BEGIN

(* Let $K$ be a finite oriented simplicial complex, let $d \geq 0$, and let $n$ be the number of $d$-simplices of $K$. Let ${\bm{B}}_d$ and ${\bm{B}}_{d+1}$ be the boundary matrices of $K$ in degrees $d$ and $d+1$ (with ${\bm{B}}_0 = 0$ and ${\bm{B}}_{d+1}=0$ if $K$ has no $(d+1)$-simplices). Let $F, F', Z$ be positive integers and, for each head $z \in \{1,\dots,Z\}$, fix matrices ${\bm{W}}^{z}_1, {\bm{W}}^{z}_2 \in \mathbb{R}^{F' \times F}$, functions $a^{z}_1, a^{z}_2 : \mathbb{R}^{F'} \times \mathbb{R}^{F'} \to \mathbb{R}$ and a function $\phi^{z} : \mathbb{R}^{F'} \times \mathbb{R}^{F'} \to \mathbb{R}^{G}$. Assume that for every $z$ and $i\in\{1,2\}$, $a^z_i$ is even in each argument separately, i.e. $a^z_i(-u,v) = a^z_i(u,v) = a^z_i(u,-v)$ for all $u,v$, and that $\phi^z$ is odd, i.e. $\phi^z(-x,-y) = -\phi^z(x,y)$ for all $x,y$. Let $f$ be the SAT layer defined below, mapping a feature matrix ${\bm{H}} \in \mathbb{R}^{n\times F}$ (rows indexed by the $d$-simplices) together with $({\bm{B}}_d, {\bm{B}}_{d+1})$ to $f({\bm{H}}, {\bm{B}}_d, {\bm{B}}_{d+1}) \in \mathbb{R}^{n \times ZG}$. Then $f$ is orientation equivariant: for every diagonal matrix ${\bm{T}} \in \mathbb{R}^{n\times n}$ with diagonal entries in $\{\pm 1\}$, $$f({\bm{T}}{\bm{H}}, {\bm{B}}_d{\bm{T}}, {\bm{T}}{\bm{B}}_{d+1}) = {\bm{T}}\, f({\bm{H}}, {\bm{B}}_d, {\bm{B}}_{d+1}).$$
   Context: Boundary matrices: for an oriented simplex $[v_0,\dots,v_k]$, $\partial_k [v_0,\dots,v_k] = \sum_{i=0}^k (-1)^i [v_0,\dots,\hat v_i,\dots,v_k]$, where two orderings of the vertices represent the same oriented simplex if they differ by an even permutation and the negative of each other if they differ by an odd permutation; ${\bm{B}}_k$ is the matrix of $\partial_k$ with rows indexed by the (chosen oriented) $(k-1)$-simplices and columns by the $k$-simplices. Multiplying ${\bm{B}}_d$ on the right by ${\bm{T}}$ and ${\bm{B}}_{d+1}$ on the left by ${\bm{T}}$ corresponds to reversing the orientation of those $d$-simplices whose diagonal entry in ${\bm{T}}$ is $-1$. Neighbourhoods (purely combinatorial, independent of orientations): for a $d$-simplex $\sigma$, ${\mathcal{N}}^{\uparrow}_\sigma$ is the set consisting of $\sigma$ together with all $d$-simplices $\tau \ne \sigma$ such that $\sigma$ and $\tau$ are both faces of a common $(d+1)$-simplex (upper adjacent); ${\mathcal{N}}^{\downarrow}_\sigma$ is the set consisting of $\sigma$ together with all $d$-simplices $\tau\neq\sigma$ sharing a common $(d-1)$-dimensional face with $\sigma$ (lower adjacent). Relative orientations: set $o^{\uparrow}_{\sigma,\sigma} = o^{\downarrow}_{\sigma,\sigma} = 1$; for $\tau \in {\mathcal{N}}^{\uparrow}_\sigma\setminus\{\sigma\}$ set $o^{\uparrow}_{\sigma,\tau} = ({\bm{B}}_{d+1}{\bm{B}}_{d+1}^\top)_{\sigma\tau} \in \{\pm1\}$, and for $\tau \in {\mathcal{N}}^{\downarrow}_\sigma\setminus\{\sigma\}$ set $o^{\downarrow}_{\sigma,\tau} = ({\bm{B}}_{d}^\top{\bm{B}}_{d})_{\sigma\tau} \in \{\pm1\}$ (two distinct $d$-simplices share at most one common coface and at most one common face, so these entries are $\pm1$). SAT layer: writing ${\bm{h}}_\sigma \in \mathbb{R}^F$ for the row of ${\bm{H}}$ indexed by $\sigma$, the attention coefficients of head $z$ are $$\alpha^{\uparrow,z}_{\sigma,\tau} = o^{\uparrow}_{\sigma,\tau}\cdot \frac{\exp\big(a^z_1({\bm{W}}^z_1{\bm{h}}_\sigma, {\bm{W}}^z_1{\bm{h}}_\tau)\big)}{\sum_{\rho\in{\mathcal{N}}^{\uparrow}_\sigma}\exp\big(a^z_1({\bm{W}}^z_1{\bm{h}}_\sigma, {\bm{W}}^z_1{\bm{h}}_\rho)\big)}, \quad \tau\in{\mathcal{N}}^{\uparrow}_\sigma,$$ $$\alpha^{\downarrow,z}_{\sigma,\tau} = o^{\downarrow}_{\sigma,\tau}\cdot \frac{\exp\big(a^z_2({\bm{W}}^z_2{\bm{h}}_\sigma, {\bm{W}}^z_2{\bm{h}}_\tau)\big)}{\sum_{\rho\in{\mathcal{N}}^{\downarrow}_\sigma}\exp\big(a^z_2({\bm{W}}^z_2{\bm{h}}_\sigma, {\bm{W}}^z_2{\bm{h}}_\rho)\big)}, \quad \tau\in{\mathcal{N}}^{\downarrow}_\sigma,$$ and the output row indexed by $\sigma$ is the concatenation over $z=1,\dots,Z$ of $$\phi^z\Big(\sum_{\tau\in{\mathcal{N}}^{\uparrow}_\sigma}\alpha^{\uparrow,z}_{\sigma,\tau}{\bm{W}}^z_1{\bm{h}}_\tau,\ \sum_{\tau\in{\mathcal{N}}^{\downarrow}_\sigma}\alpha^{\downarrow,z}_{\sigma,\tau}{\bm{W}}^z_2{\bm{h}}_\tau\Big).$$ (When the orientations and boundary matrices change as in the claim, the coefficients $o$ are recomputed from the new boundary matrices.) *)

theory Defs
  imports "HOL-Analysis.Analysis" "HOL-Combinatorics.Permutations"
begin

END

Exercise objective:
The records above need to be retyped in full, exactly as given.

Answer section:
(* Let $K$ be a finite oriented simplicial complex, let $d \geq 0$, and let $n$ be the number of $d$-simplices of $K$. Let ${\bm{B}}_d$ and ${\bm{B}}_{d+1}$ be the boundary matrices of $K$ in degrees $d$ and $d+1$ (with ${\bm{B}}_0 = 0$ and ${\bm{B}}_{d+1}=0$ if $K$ has no $(d+1)$-simplices). Let $F, F', Z$ be positive integers and, for each head $z \in \{1,\dots,Z\}$, fix matrices ${\bm{W}}^{z}_1, {\bm{W}}^{z}_2 \in \mathbb{R}^{F' \times F}$, functions $a^{z}_1, a^{z}_2 : \mathbb{R}^{F'} \times \mathbb{R}^{F'} \to \mathbb{R}$ and a function $\phi^{z} : \mathbb{R}^{F'} \times \mathbb{R}^{F'} \to \mathbb{R}^{G}$. Assume that for every $z$ and $i\in\{1,2\}$, $a^z_i$ is even in each argument separately, i.e. $a^z_i(-u,v) = a^z_i(u,v) = a^z_i(u,-v)$ for all $u,v$, and that $\phi^z$ is odd, i.e. $\phi^z(-x,-y) = -\phi^z(x,y)$ for all $x,y$. Let $f$ be the SAT layer defined below, mapping a feature matrix ${\bm{H}} \in \mathbb{R}^{n\times F}$ (rows indexed by the $d$-simplices) together with $({\bm{B}}_d, {\bm{B}}_{d+1})$ to $f({\bm{H}}, {\bm{B}}_d, {\bm{B}}_{d+1}) \in \mathbb{R}^{n \times ZG}$. Then $f$ is orientation equivariant: for every diagonal matrix ${\bm{T}} \in \mathbb{R}^{n\times n}$ with diagonal entries in $\{\pm 1\}$, $$f({\bm{T}}{\bm{H}}, {\bm{B}}_d{\bm{T}}, {\bm{T}}{\bm{B}}_{d+1}) = {\bm{T}}\, f({\bm{H}}, {\bm{B}}_d, {\bm{B}}_{d+1}).$$
   Context: Boundary matrices: for an oriented simplex $[v_0,\dots,v_k]$, $\partial_k [v_0,\dots,v_k] = \sum_{i=0}^k (-1)^i [v_0,\dots,\hat v_i,\dots,v_k]$, where two orderings of the vertices represent the same oriented simplex if they differ by an even permutation and the negative of each other if they differ by an odd permutation; ${\bm{B}}_k$ is the matrix of $\partial_k$ with rows indexed by the (chosen oriented) $(k-1)$-simplices and columns by the $k$-simplices. Multiplying ${\bm{B}}_d$ on the right by ${\bm{T}}$ and ${\bm{B}}_{d+1}$ on the left by ${\bm{T}}$ corresponds to reversing the orientation of those $d$-simplices whose diagonal entry in ${\bm{T}}$ is $-1$. Neighbourhoods (purely combinatorial, independent of orientations): for a $d$-simplex $\sigma$, ${\mathcal{N}}^{\uparrow}_\sigma$ is the set consisting of $\sigma$ together with all $d$-simplices $\tau \ne \sigma$ such that $\sigma$ and $\tau$ are both faces of a common $(d+1)$-simplex (upper adjacent); ${\mathcal{N}}^{\downarrow}_\sigma$ is the set consisting of $\sigma$ together with all $d$-simplices $\tau\neq\sigma$ sharing a common $(d-1)$-dimensional face with $\sigma$ (lower adjacent). Relative orientations: set $o^{\uparrow}_{\sigma,\sigma} = o^{\downarrow}_{\sigma,\sigma} = 1$; for $\tau \in {\mathcal{N}}^{\uparrow}_\sigma\setminus\{\sigma\}$ set $o^{\uparrow}_{\sigma,\tau} = ({\bm{B}}_{d+1}{\bm{B}}_{d+1}^\top)_{\sigma\tau} \in \{\pm1\}$, and for $\tau \in {\mathcal{N}}^{\downarrow}_\sigma\setminus\{\sigma\}$ set $o^{\downarrow}_{\sigma,\tau} = ({\bm{B}}_{d}^\top{\bm{B}}_{d})_{\sigma\tau} \in \{\pm1\}$ (two distinct $d$-simplices share at most one common coface and at most one common face, so these entries are $\pm1$). SAT layer: writing ${\bm{h}}_\sigma \in \mathbb{R}^F$ for the row of ${\bm{H}}$ indexed by $\sigma$, the attention coefficients of head $z$ are $$\alpha^{\uparrow,z}_{\sigma,\tau} = o^{\uparrow}_{\sigma,\tau}\cdot \frac{\exp\big(a^z_1({\bm{W}}^z_1{\bm{h}}_\sigma, {\bm{W}}^z_1{\bm{h}}_\tau)\big)}{\sum_{\rho\in{\mathcal{N}}^{\uparrow}_\sigma}\exp\big(a^z_1({\bm{W}}^z_1{\bm{h}}_\sigma, {\bm{W}}^z_1{\bm{h}}_\rho)\big)}, \quad \tau\in{\mathcal{N}}^{\uparrow}_\sigma,$$ $$\alpha^{\downarrow,z}_{\sigma,\tau} = o^{\downarrow}_{\sigma,\tau}\cdot \frac{\exp\big(a^z_2({\bm{W}}^z_2{\bm{h}}_\sigma, {\bm{W}}^z_2{\bm{h}}_\tau)\big)}{\sum_{\rho\in{\mathcal{N}}^{\downarrow}_\sigma}\exp\big(a^z_2({\bm{W}}^z_2{\bm{h}}_\sigma, {\bm{W}}^z_2{\bm{h}}_\rho)\big)}, \quad \tau\in{\mathcal{N}}^{\downarrow}_\sigma,$$ and the output row indexed by $\sigma$ is the concatenation over $z=1,\dots,Z$ of $$\phi^z\Big(\sum_{\tau\in{\mathcal{N}}^{\uparrow}_\sigma}\alpha^{\uparrow,z}_{\sigma,\tau}{\bm{W}}^z_1{\bm{h}}_\tau,\ \sum_{\tau\in{\mathcal{N}}^{\downarrow}_\sigma}\alpha^{\downarrow,z}_{\sigma,\tau}{\bm{W}}^z_2{\bm{h}}_\tau\Big).$$ (When the orientations and boundary matrices change as in the claim, the coefficients $o$ are recomputed from the new boundary matrices.) *)

theory Defs
  imports "HOL-Analysis.Analysis" "HOL-Combinatorics.Permutations"
begin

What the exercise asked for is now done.